Next-Next Generation Video: Introducing Daala
An anonymous reader sends this excerpt from a post by Xiph.org's Monty Montgomery:
"Xiph.Org has been working on Daala, a new video codec for some time now, though Opus work had overshadowed it until just recently. With Opus finalized and much of the mop-up work well in hand, Daala development has taken center stage. I've started work on 'demo' pages for Daala, just like I've done demos of other Xiph development projects. Daala aims to be rather different from other video codecs (and it's the first from-scratch design attempt in a while), so the first few demo pages are going to be mostly concerned with what's new and different in Daala. I've finished the first 'demo' page (about Daala's lapped transforms), so if you're interested in video coding technology, go have a look!"
Daala? That will play well in test/focus groups - I'm certain of it.
That I'm sure of. If they can go after Google and VP8 I am sure that you will be an easier target.

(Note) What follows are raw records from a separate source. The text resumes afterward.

lemma norm_mult_sgn_diff_le:
  fixes z w :: "'a::real_normed_vector"
  assumes "norm w \<le> norm z"
  shows "norm w * norm (sgn z - sgn w) \<le> 2 * norm (z - w)"
proof (cases "w = 0")
  case False
  with assms have "z \<noteq> 0" by auto
  have "norm w *\<^sub>R (sgn z - sgn w) = (z - w) - (norm z - norm w) *\<^sub>R sgn z"
    using \<open>z \<noteq> 0\<close> False by (simp add: sgn_div_norm algebra_simps)
  then have "norm w * norm (sgn z - sgn w) \<le> norm (z - w) + \<bar>norm z - norm w\<bar> * norm (sgn z)"
    by (metis norm_scaleR norm_ge_zero abs_of_nonneg norm_triangle_ineq4)
  also have "\<dots> \<le> 2 * norm (z - w)"
    using norm_triangle_ineq3[of z w] by (simp add: norm_sgn)
  finally show ?thesis .
qed simp

lemma powr_mult_norm_sgn_diff_le:
  fixes z w :: "'a::real_normed_vector" and p :: real
  assumes le: "norm w \<le> norm z" and p: "0 \<le> p" "p \<le> 1"
  shows "norm w powr p * norm (sgn z - sgn w) \<le> 2 * norm (z - w) powr p"
proof -
  consider "z = w" | "norm w \<le> norm (z - w)" | "z \<noteq> w" "norm (z - w) < norm w"
    by fastforce
  then show ?thesis
  proof cases
    case 2
    have "norm (sgn z) \<le> 1" "norm (sgn w) \<le> 1"
      by (simp_all add: norm_sgn)
    then have "norm (sgn z - sgn w) \<le> 2"
      using norm_triangle_ineq4[of "sgn z" "sgn w"] by linarith
    moreover have "norm w powr p \<le> norm (z - w) powr p"
      using 2 p by (intro powr_mono2) auto
    ultimately show ?thesis
      using mult_mono[of "norm w powr p" "norm (z - w) powr p" "norm (sgn z - sgn w)" 2]
      by (simp add: mult.commute)
  next
    case 3
    then have "norm w powr p * norm (sgn z - sgn w)
        = norm w powr (p - 1) * (norm w * norm (sgn z - sgn w))"
      by (simp add: powr_diff)
    also have "\<dots> \<le> norm (z - w) powr (p - 1) * (2 * norm (z - w))"
      by (rule mult_mono[OF _ norm_mult_sgn_diff_le[OF le]]) (use 3 p in \<open>auto intro: powr_mono2'\<close>)
    also have "\<dots> = 2 * norm (z - w) powr p"
      using 3 by (simp add: powr_diff)
    finally show ?thesis .
  qed simp
qed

Sad for things to get like this but if IV can go after people who embed URL's in HTML emails the world is quickly going bonkers.
If you want to have a good solid niche for this (always helps) then.
1 - support a reasonably efficient lossless mode (several others have this, but it is alsways useful)
2 - support ALPHA channels (32bit, RGBA, YUVA) - this is not trivial but very worthwhile, basically ZERO of the modern codec support this.
alpha channels are a requirement for many composition/editing/video production workflows, and yet the supporting codecs are old, clunky,
and painful to use.
good alpha channel support is not trivial, but is usually not major also.
For extra points support lossless on alpha, and lossy on the other channels, that is a VERY good option for many workflows.
Gives alpha and lossless, you are pretty much guaranteed professional users.
I'm sure its a worthy project and no doubt based on very solid maths and engineering. However I'm also sure it'll be forgotten about this time next week. There are too many codecs fighting it out already - yet another one is just a bit more noise in the background. Sorry, but thats just the way it is.
I'm a bit worried about the big focus on "blocks" for such a video codec. Originally, the blocks used in the JPEG image coder was put there to make sure that you could stream-encode images using reasonably cheap silicon back in the eighties. No one really wants the blocks, they were a necessary limitation. Using the same algorithm as JPEG but removing the blocks gives a serious quality boost.
This codec will never run on hardware that can't handle more than 16 x 16 pixels at once. The lowest specs that will encode these frames will be hand-held cameras, which will have more than enough ram to buffer at least two full frames, and use a small FPGA for encoding/decoding. Everything else will be decoded by a GPU directly to the framebuffer, and likely encoded by the same GPU. Even server farms have these for processing media.
There's also no issue with streaming as far as I know. Both DCT and Wavelet based coders can packetize the important bits in a frame first, and the less important bit later, so that a slow connection can still decode a degraded image even if not all bits are received. This without splitting the image into blocks.
c++;
I can see the new lapped transform improving the video quality in all kinds of situations -- particularly in cartoon animation, which has historically suffered through one codec after another.
I'm holding out hope that this codec supports subtitles as filters, so we can bake them in without actually baking them in, if you catch my drift. One of the biggest challenges I've faced when working with video encoding is that container formats are notoriously unsupported across the entire spectrum of video players.
Wow, were do I get my drive?
Because the codecs he listed are precisely the sort of names that the AC was whining about.
No, much easier to bitch about it and hope like hell that everyone stays on h.264/5 because you lambasted the fucking NAME.
Ferfecksake, grow up.
Sorry, you have a defective brain?
If you make up a name for it, then it doesn't matter what name it has, it'll have the one you've offered to them.
Which you would not be calling gay, would you.
Huh, the lapped transform is not quite "beyond" next-gen codecs like HEVC. In fact, the [over]lapped transform is already part of the WMV9/VC-1 codec, and it didn't really have a significant impact on coding efficiency (it does tend to look more blurry than blocky at very high quantization, but both cases look like crap at these levels)
Help! I am a self-aware entity trapped in an abstract function!
I already have to serve 2 versions of a video to make sure everyone can see it on the web. It was not obvious to me that we needed another codec.